Dark Souls had some infamous moments for enemies popping out from around a corner, catching you off-guard with mimics, and other traps, but Lies of P literally does this two or three times between every Stargazer. It’s good design but it winds up being a little tiresome and trite- there’s only so many times you’re going to be startled when you walk towards an item and get surprised by an enemy leaping out from behind a pillar in your blind spot. You know exactly what’s going to happen once you approach the item, but it’s like playing Dungeons and Dragons with a DM who really, really likes to place traps around every chest and corner. Some of the traps are especially cleverly designed, but enemies from your blind spot that you couldn’t possibly see coming happens a tremendous amount in the final areas of Lies of P, to the extent that it had become an expected matter of course: just drink your Pulse Cell to heal and move on.

That being said, the environmental design is great. The city of Krat and its surroundings is an absolutely amazing place to explore, and each subsequent location you go to, like a poison swamp or majestic cathedral, are beautifully designed with all sorts of goodies to loot. Boss design is where Lies of P really cranks up the challenge, with flurries of rapid attacks that will absolutely demand you learn how to avoid damage whenever you can. Some bosses can be large and intimidating, like a giant clown robot or swamp monster covered in tentacles, but I found the human-sized bosses, especially the one that wielded a lightning-powered claymore, gave me more trouble than anything.

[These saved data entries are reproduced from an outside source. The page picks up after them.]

(* Let $[\mathbf v,d]=[v_{11},v_{12},v_{21},v_{22},d]$ with $\mathbf v_1=(v_{11},v_{12})\neq0$, $\mathbf v_2=(v_{21},v_{22})\neq0$ and $d\neq0$. If the following three conditions all hold: (1) $v_{11}^2+v_{12}^2\neq0$ and $v_{21}^2+v_{22}^2\neq0$; (2) $v_{21}\neq0$ or $v_{11}^2-d^2\neq0$; (3) $v_{11}\neq0$ or $v_{21}^2-d^2\neq0$; then neither $L_1$ nor $L_2$ is a polynomial factor of $h$. Moreover, if any one of the conditions (1), (2), (3) fails, then $L_1$ or $L_2$ is a polynomial factor of $h$.
   Context: In variables $u,y_1,y_2$: $L_1=v_{11}(u-y_1)-v_{12}y_2$, $L_2=-v_{21}(u+y_1)-v_{22}y_2$, $f_1=(u-y_1)^2+y_2^2$, $f_2=(u+y_1)^2+y_2^2$, and $h=(L_2^2f_1+L_1^2f_2-d^2f_1f_2)^2-4L_1^2L_2^2f_1f_2$, a homogeneous polynomial of degree $8$. Parameters are complex numbers. *)

theory Defs
  imports Complex_Main "HOL-Computational_Algebra.Polynomial"
begin

text \<open>The polynomial ring C[u,y1,y2] is modelled as the iterated univariate
polynomial ring ((C[u])[y1])[y2], i.e. the type complex poly poly poly.
Divisibility (polynomial factor) is the ring divisibility dvd of this ring.\<close>

type_synonym mpoly3 = "complex poly poly poly"

definition cst :: "complex \<Rightarrow> mpoly3" where
  "cst c = [:[:[:c:]:]:]"

definition varU :: mpoly3 where
  "varU = [:[:[:0, 1:]:]:]"

definition varY1 :: mpoly3 where
  "varY1 = [:[:0, 1:]:]"

definition varY2 :: mpoly3 where
  "varY2 = [:0, 1:]"

definition polyL1 :: "complex \<Rightarrow> complex \<Rightarrow> mpoly3" where
  "polyL1 v11 v12 = cst v11 * (varU - varY1) - cst v12 * varY2"

definition polyL2 :: "complex \<Rightarrow> complex \<Rightarrow> mpoly3" where
  "polyL2 v21 v22 = - (cst v21 * (varU + varY1)) - cst v22 * varY2"

definition polyf1 :: mpoly3 where
  "polyf1 = (varU - varY1)^2 + varY2^2"

definition polyf2 :: mpoly3 where
  "polyf2 = (varU + varY1)^2 + varY2^2"

definition polyh :: "complex \<Rightarrow> complex \<Rightarrow> complex \<Rightarrow> complex \<Rightarrow> complex \<Rightarrow> mpoly3" where
  "polyh v11 v12 v21 v22 d =
     (let L1 = polyL1 v11 v12; L2 = polyL2 v21 v22 in
      (L2^2 * polyf1 + L1^2 * polyf2 - cst (d^2) * polyf1 * polyf2)^2
        - cst 4 * L1^2 * L2^2 * polyf1 * polyf2)"

end

theory Submission
  imports Defs
begin

text \<open>We have \<open>h = h_form L1 L2 f1 f2 d\<^sup>2\<close>, and modulo \<open>l1\<^sup>2\<close> the form \<open>h_form l1 l2 f1 f2 D\<close>
  is \<open>(f1 (l2\<^sup>2 - D f2))\<^sup>2\<close>. Hence \<open>L1\<close> divides \<open>h\<close> as soon as it divides \<open>f1\<close> (which happens iff
  \<open>v11\<^sup>2 + v12\<^sup>2 = 0\<close>) or \<open>L2\<^sup>2 - d\<^sup>2 f2\<close> (e.g. if \<open>v11 = 0\<close> and \<open>v21\<^sup>2 = d\<^sup>2\<close>). Conversely,
  on the plane \<open>L1 = 0\<close>, parametrised by \<open>u - y1 = v12\<close>, \<open>y2 = v11\<close>, \<open>u + y1 = b\<close>, the
  polynomial \<open>f1\<close> is the constant \<open>v11\<^sup>2 + v12\<^sup>2\<close> and \<open>L2\<^sup>2 - d\<^sup>2 f2\<close> is a quadratic in \<open>b\<close>
  that vanishes identically only if \<open>v11 = 0\<close> and \<open>v21\<^sup>2 = d\<^sup>2\<close>; otherwise \<open>h\<close> does not
  vanish on that plane, so \<open>L1\<close> cannot divide it. The reflection \<open>y1 \<mapsto> -y1\<close>, combined
  with replacing \<open>(v11, v12, v21, v22)\<close> by \<open>(v21, -v22, v11, -v12)\<close>, exchanges \<open>L1\<close> and \<open>L2\<close>
  up to sign and leaves \<open>h\<close> invariant.\<close>

text \<open>With \<open>D = d\<^sup>2\<close>, \<open>h_form l1 l2 f1 f2 D\<close> is the product of
  \<open>l1 \<surd>f2 \<plusminus> l2 \<surd>f1 \<plusminus> d \<surd>(f1 f2)\<close> over the four sign choices.\<close>

definition h_form :: "'a::comm_ring_1 \<Rightarrow> 'a \<Rightarrow> 'a \<Rightarrow> 'a \<Rightarrow> 'a \<Rightarrow> 'a" where
  "h_form l1 l2 f1 f2 D = (l2^2 * f1 + l1^2 * f2 - D * f1 * f2)^2 - 4 * l1^2 * l2^2 * f1 * f2"

lemma h_form_swap: "h_form l1 l2 f1 f2 D = h_form l2 l1 f2 f1 D"
  unfolding h_form_def by (simp add: ac_simps)

lemma h_form_uminus: "h_form (- l1) (- l2) f1 f2 D = h_form l1 l2 f1 f2 D"
  unfolding h_form_def by simp

lemma h_form_0_left: "h_form 0 l2 f1 f2 D = (f1 * (l2^2 - D * f2))^2"
  unfolding h_form_def by (simp add: algebra_simps)

lemma dvd_h_form_if_dvd:
  fixes x l2 f1 f2 D :: "'a::comm_ring_1"
  assumes "x dvd f1 * (l2^2 - D * f2)"
  shows "x dvd h_form x l2 f1 f2 D"
proof -
  have "h_form x l2 f1 f2 D =
        (f1 * (l2^2 - D * f2))^2 + x * (x * (2 * f1 * (l2^2 - D * f2) * f2 + x^2 * f2^2 - 4 * l2^2 * f1 * f2))"
    unfolding h_form_def by (simp add: power2_eq_square algebra_simps)
  with assms show ?thesis
    by (simp add: power2_eq_square)
qed

lemma linear_form_dvd_sum_of_squares:
  fixes a b X Y :: "'a::comm_ring_1"
  assumes "a dvd 1" and "a^2 + b^2 = 0"
  shows "a * X - b * Y dvd X^2 + Y^2"
proof -
  obtain a' where "1 = a * a'"
    using assms(1) by (rule dvdE)
  have "(a * X - b * Y) * (a'^2 * (a * X + b * Y)) = a'^2 * (a^2 * X^2 - b^2 * Y^2)"
    by (simp add: power2_eq_square algebra_simps)
  also have "\<dots> = (a * a')^2 * (X^2 + Y^2)"
    using assms(2) by (simp add: eq_neg_iff_add_eq_0[symmetric] power_mult_distrib algebra_simps)
  also have "\<dots> = X^2 + Y^2"
    by (simp flip: \<open>1 = a * a'\<close>)
  finally show ?thesis
    by (metis dvdI)
qed

lemma dvd_square_minus_sum_of_squares:
  fixes a b X Y :: "'a::comm_ring_1"
  shows "Y dvd (a * X + b * Y)^2 - a^2 * (X^2 + Y^2)"
proof
  show "(a * X + b * Y)^2 - a^2 * (X^2 + Y^2) = Y * (2 * a * b * X + (b^2 - a^2) * Y)"
    by (simp add: power2_eq_square algebra_simps)
qed

lemma cst_add: "cst (a + b) = cst a + cst b"
  by (simp add: cst_def)

lemma cst_mult: "cst (a * b) = cst a * cst b"
  by (simp add: cst_def)

lemma cst_minus: "cst (- a) = - cst a"
  by (simp add: cst_def)

lemma cst_0: "cst 0 = 0"
  by (simp add: cst_def)

lemma cst_power: "cst (a ^ n) = cst a ^ n"
  by (induction n) (simp_all add: cst_mult, simp add: cst_def one_pCons)

lemma is_unit_cst_iff: "cst c dvd 1 \<longleftrightarrow> c \<noteq> 0"
  by (simp add: cst_def is_unit_const_poly_iff dvd_field_iff)

lemma polyh_eq_h_form:
  "polyh v11 v12 v21 v22 d = h_form (polyL1 v11 v12) (polyL2 v21 v22) polyf1 polyf2 (cst (d^2))"
  by (simp add: polyh_def h_form_def Let_def cst_def numeral_poly)

lemma polyL2_eq_uminus:
  "polyL2 v21 v22 = - (cst v21 * (varU + varY1) + cst v22 * varY2)"
  by (simp add: polyL2_def)

lemma polyL1_dvd_polyf1:
  assumes "(v11, v12) \<noteq> (0, 0)" and "v11^2 + v12^2 = 0"
  shows "polyL1 v11 v12 dvd polyf1"
proof -
  have "v11 \<noteq> 0"
    using assms by auto
  moreover have "cst v11 ^ 2 + cst v12 ^ 2 = 0"
    using assms(2) by (simp flip: cst_power cst_add add: cst_0)
  ultimately show ?thesis
    unfolding polyL1_def polyf1_def
    by (intro linear_form_dvd_sum_of_squares) (simp_all add: is_unit_cst_iff)
qed

lemma polyL2_dvd_polyf2:
  assumes "(v21, v22) \<noteq> (0, 0)" and "v21^2 + v22^2 = 0"
  shows "polyL2 v21 v22 dvd polyf2"
proof -
  have "v21 \<noteq> 0"
    using assms by auto
  moreover have "cst v21 ^ 2 + cst (- v22) ^ 2 = 0"
    using assms(2) by (simp flip: cst_power cst_add add: cst_0)
  ultimately have "cst v21 * (varU + varY1) - cst (- v22) * varY2 dvd polyf2"
    unfolding polyf2_def
    by (intro linear_form_dvd_sum_of_squares) (simp_all add: is_unit_cst_iff)
  then show ?thesis
    unfolding polyL2_eq_uminus minus_dvd_iff by (simp add: cst_minus)
qed

lemma polyL1_dvd_polyL2_sq_diff:
  assumes "v11 = 0" and "v12 \<noteq> 0" and "v21^2 = d^2"
  shows "polyL1 v11 v12 dvd polyL2 v21 v22^2 - cst (d^2) * polyf2"
proof -
  have "polyL1 v11 v12 = cst (- v12) * varY2"
    using assms(1) by (simp add: polyL1_def cst_minus cst_0)
  moreover have "cst (d^2) = cst v21 ^ 2"
    using assms(3) by (simp flip: cst_power)
  moreover have "varY2 dvd (cst v21 * (varU + varY1) + cst v22 * varY2)^2 - cst v21^2 * polyf2"
    unfolding polyf2_def by (rule dvd_square_minus_sum_of_squares)
  ultimately show ?thesis
    using assms(2) unfolding polyL2_eq_uminus power2_minus
    by (simp add: is_unit_cst_iff mult_unit_dvd_iff')
qed

lemma polyL2_dvd_polyL1_sq_diff:
  assumes "v21 = 0" and "v22 \<noteq> 0" and "v11^2 = d^2"
  shows "polyL2 v21 v22 dvd polyL1 v11 v12^2 - cst (d^2) * polyf1"
proof -
  have "polyL2 v21 v22 = cst (- v22) * varY2"
    using assms(1) by (simp add: polyL2_def cst_minus cst_0)
  moreover have "cst (d^2) = cst v11 ^ 2"
    using assms(3) by (simp flip: cst_power)
  moreover have "varY2 dvd (cst v11 * (varU - varY1) + cst (- v12) * varY2)^2 - cst v11^2 * polyf1"
    unfolding polyf1_def by (rule dvd_square_minus_sum_of_squares)
  ultimately show ?thesis
    using assms(2) by (simp add: polyL1_def cst_minus is_unit_cst_iff mult_unit_dvd_iff')
qed

definition eval3 :: "complex \<Rightarrow> complex \<Rightarrow> complex \<Rightarrow> mpoly3 \<Rightarrow> complex" where
  "eval3 u y1 y2 p = poly (poly (poly p [:[:y2:]:]) [:y1:]) u"

lemma eval3_simps [simp]:
  "eval3 u y1 y2 (p * q) = eval3 u y1 y2 p * eval3 u y1 y2 q"
  "eval3 u y1 y2 (p + q) = eval3 u y1 y2 p + eval3 u y1 y2 q"
  "eval3 u y1 y2 (p - q) = eval3 u y1 y2 p - eval3 u y1 y2 q"
  "eval3 u y1 y2 (- p) = - eval3 u y1 y2 p"
  "eval3 u y1 y2 (p ^ n) = eval3 u y1 y2 p ^ n"
  "eval3 u y1 y2 (cst c) = c"
  "eval3 u y1 y2 varU = u"
  "eval3 u y1 y2 varY1 = y1"
  "eval3 u y1 y2 varY2 = y2"
  by (simp_all add: eval3_def cst_def varU_def varY1_def varY2_def)

lemma eval3_eq_0_if_dvd: "p dvd q \<Longrightarrow> eval3 u y1 y2 p = 0 \<Longrightarrow> eval3 u y1 y2 q = 0"
  by (auto elim: dvdE)

lemma eval3_h_form:
  "eval3 u y1 y2 (h_form l1 l2 f1 f2 D) =
     h_form (eval3 u y1 y2 l1) (eval3 u y1 y2 l2) (eval3 u y1 y2 f1) (eval3 u y1 y2 f2) (eval3 u y1 y2 D)"
  by (simp add: h_form_def eval3_def numeral_poly)

lemma eval3_polyL1: "eval3 u y1 y2 (polyL1 v11 v12) = v11 * (u - y1) - v12 * y2"
  by (simp add: polyL1_def)

lemma eval3_polyL2: "eval3 u y1 y2 (polyL2 v21 v22) = - (v21 * (u + y1)) - v22 * y2"
  by (simp add: polyL2_def)

lemma eval3_polyf1: "eval3 u y1 y2 polyf1 = (u - y1)^2 + y2^2"
  by (simp add: polyf1_def)

lemma eval3_polyf2: "eval3 u y1 y2 polyf2 = (u + y1)^2 + y2^2"
  by (simp add: polyf2_def)

lemma eval3_reflect_simps:
  "eval3 u (- y1) y2 (polyL1 v11 v12) = - eval3 u y1 y2 (polyL2 v11 (- v12))"
  "eval3 u (- y1) y2 (polyL2 v21 v22) = - eval3 u y1 y2 (polyL1 v21 (- v22))"
  "eval3 u (- y1) y2 polyf1 = eval3 u y1 y2 polyf2"
  "eval3 u (- y1) y2 polyf2 = eval3 u y1 y2 polyf1"
  by (simp_all add: eval3_polyL1 eval3_polyL2 eval3_polyf1 eval3_polyf2 algebra_simps)

lemma eval3_polyh_reflect:
  "eval3 u (- y1) y2 (polyh v11 v12 v21 v22 d) = eval3 u y1 y2 (polyh v21 (- v22) v11 (- v12) d)"
  unfolding polyh_eq_h_form eval3_h_form eval3_reflect_simps h_form_uminus eval3_simps(6)
  by (rule h_form_swap)

lemma polyh_nonzero_on_zero_set_of_polyL1:
  assumes "d \<noteq> 0" and "v11^2 + v12^2 \<noteq> 0" and "v11 \<noteq> 0 \<or> v21^2 \<noteq> d^2"
  obtains u y1 y2 where "eval3 u y1 y2 (polyL1 v11 v12) = 0"
    and "eval3 u y1 y2 (polyh v11 v12 v21 v22 d) \<noteq> 0"
proof -
  define Q where "Q = [:v11^2 * (v22^2 - d^2), 2 * v11 * v21 * v22, v21^2 - d^2:]"
  have "Q \<noteq> 0"
  proof
    assume "Q = 0"
    then have A: "v21^2 = d^2" and B: "v11 * v21 * v22 = 0" and C: "v11^2 * (v22^2 - d^2) = 0"
      by (simp_all add: Q_def)
    have "v21 \<noteq> 0"
      using A assms(1) by auto
    moreover have "v11 \<noteq> 0"
      using A assms(3) by auto
    ultimately have "v22 = 0"
      using B by simp
    with C \<open>v11 \<noteq> 0\<close> assms(1) show False
      by simp
  qed
  then obtain b where b: "poly Q b \<noteq> 0"
    using poly_all_0_iff_0 by blast
  define u y1 where "u = (v12 + b) / 2" and "y1 = (b - v12) / 2"
  have uy1: "u - y1 = v12" "u + y1 = b"
    by (simp_all add: u_def y1_def field_simps)
  have L1: "eval3 u y1 v11 (polyL1 v11 v12) = 0"
    by (simp add: eval3_polyL1 uy1)
  have "eval3 u y1 v11 (polyh v11 v12 v21 v22 d) =
        ((v12^2 + v11^2) * ((- (v21 * b) - v22 * v11)^2 - d^2 * (b^2 + v11^2)))^2"
    unfolding polyh_eq_h_form eval3_h_form L1 h_form_0_left
      eval3_polyL2 eval3_polyf1 eval3_polyf2 uy1 by simp
  also have "\<dots> = ((v11^2 + v12^2) * poly Q b)^2"
    by (simp add: Q_def power2_eq_square algebra_simps)
  finally show ?thesis
    using that L1 b assms(2) by simp
qed

lemma polyL1_dvd_polyh_iff:
  assumes "(v11, v12) \<noteq> (0, 0)" and "d \<noteq> 0"
  shows "polyL1 v11 v12 dvd polyh v11 v12 v21 v22 d \<longleftrightarrow> v11^2 + v12^2 = 0 \<or> (v11 = 0 \<and> v21^2 = d^2)"
proof
  assume "polyL1 v11 v12 dvd polyh v11 v12 v21 v22 d"
  then show "v11^2 + v12^2 = 0 \<or> (v11 = 0 \<and> v21^2 = d^2)"
    using polyh_nonzero_on_zero_set_of_polyL1 eval3_eq_0_if_dvd assms(2) by metis
next
  assume "v11^2 + v12^2 = 0 \<or> (v11 = 0 \<and> v21^2 = d^2)"
  then have "polyL1 v11 v12 dvd polyf1 * (polyL2 v21 v22^2 - cst (d^2) * polyf2)"
    using polyL1_dvd_polyf1 polyL1_dvd_polyL2_sq_diff assms(1) by fastforce
  then show "polyL1 v11 v12 dvd polyh v11 v12 v21 v22 d"
    unfolding polyh_eq_h_form by (rule dvd_h_form_if_dvd)
qed

lemma polyL2_dvd_polyh_iff:
  assumes "(v21, v22) \<noteq> (0, 0)" and "d \<noteq> 0"
  shows "polyL2 v21 v22 dvd polyh v11 v12 v21 v22 d \<longleftrightarrow> v21^2 + v22^2 = 0 \<or> (v21 = 0 \<and> v11^2 = d^2)"
proof
  assume dvd: "polyL2 v21 v22 dvd polyh v11 v12 v21 v22 d"
  show "v21^2 + v22^2 = 0 \<or> (v21 = 0 \<and> v11^2 = d^2)"
  proof (rule ccontr)
    assume "\<not> ?thesis"
    then obtain u y1 y2 where "eval3 u y1 y2 (polyL1 v21 (- v22)) = 0"
      and "eval3 u y1 y2 (polyh v21 (- v22) v11 (- v12) d) \<noteq> 0"
      using polyh_nonzero_on_zero_set_of_polyL1[of d v21 "- v22" v11 "- v12"] assms(2) by auto
    then have "eval3 u (- y1) y2 (polyL2 v21 v22) = 0"
      and "eval3 u (- y1) y2 (polyh v11 v12 v21 v22 d) \<noteq> 0"
      by (simp_all add: eval3_reflect_simps eval3_polyh_reflect)
    with dvd show False
      using eval3_eq_0_if_dvd by blast
  qed
next
  assume "v21^2 + v22^2 = 0 \<or> (v21 = 0 \<and> v11^2 = d^2)"
  then have "polyL2 v21 v22 dvd polyf2 * (polyL1 v11 v12^2 - cst (d^2) * polyf1)"
    using polyL2_dvd_polyf2 polyL2_dvd_polyL1_sq_diff assms(1) by fastforce
  then show "polyL2 v21 v22 dvd polyh v11 v12 v21 v22 d"
    unfolding polyh_eq_h_form h_form_swap[of "polyL1 v11 v12"] by (rule dvd_h_form_if_dvd)
qed

theorem lemma8p3:
  fixes v11 v12 v21 v22 d :: complex
  assumes "(v11, v12) \<noteq> (0, 0)" and "(v21, v22) \<noteq> (0, 0)" and "d \<noteq> 0"
  defines "c1 \<equiv> v11^2 + v12^2 \<noteq> 0 \<and> v21^2 + v22^2 \<noteq> 0"
    and "c2 \<equiv> v21 \<noteq> 0 \<or> v11^2 - d^2 \<noteq> 0"
    and "c3 \<equiv> v11 \<noteq> 0 \<or> v21^2 - d^2 \<noteq> 0"
  shows "(c1 \<and> c2 \<and> c3 \<longrightarrow>
            \<not> polyL1 v11 v12 dvd polyh v11 v12 v21 v22 d \<and>
            \<not> polyL2 v21 v22 dvd polyh v11 v12 v21 v22 d)
       \<and> (\<not> c1 \<or> \<not> c2 \<or> \<not> c3 \<longrightarrow>
            polyL1 v11 v12 dvd polyh v11 v12 v21 v22 d \<or>
            polyL2 v21 v22 dvd polyh v11 v12 v21 v22 d)"
  unfolding c1_def c2_def c3_def polyL1_dvd_polyh_iff[OF assms(1,3)] polyL2_dvd_polyh_iff[OF assms(2,3)]
  by auto

end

The sound design of Lies of P is excellent, as you’ll always know when an enemy is looming around the corner thanks to unearthly guttural noises and the strange clicking and whirring sounds among a whole host of effects that help unsettle you as you turn any and every corner. I actually felt palpable relief in Lies of P when killing an enemy on my climb up a tower, and the echoes of footsteps, gurgling, and other noises suddenly stopped- I used the audio cues to determine that I killed everything in the area and could now loot in peace. To add onto this, the music is excellently done too, both in stages as well as with the numerous collectible records you can find throughout the adventure so P can gain humanity.

There was an absolute ton of care put into Lies of P. Some of the design elements are… frustrating, to say the least, such as how upgrading your dodge is probably something you won’t be able to do until chapters 3 or 4. The largest issue with Lies of P is that it’s extremely difficult. If you really appreciate a challenge and have the patience to practice difficult fights until you succeed, then Lies of P may well be your favorite title of 2023. If you lack patience, think that developers trolling you is unfair, or simply don’t enjoy repeatedly throwing yourself at a brick wall until you eventually figure out the patterns and succeed, Lies of P will likely do nothing but frustrate you. I, personally, had an amazing time in the city of Krat, and can’t wait to see what developer Neowiz will come up with next in their children’s fantasy novel extended universe.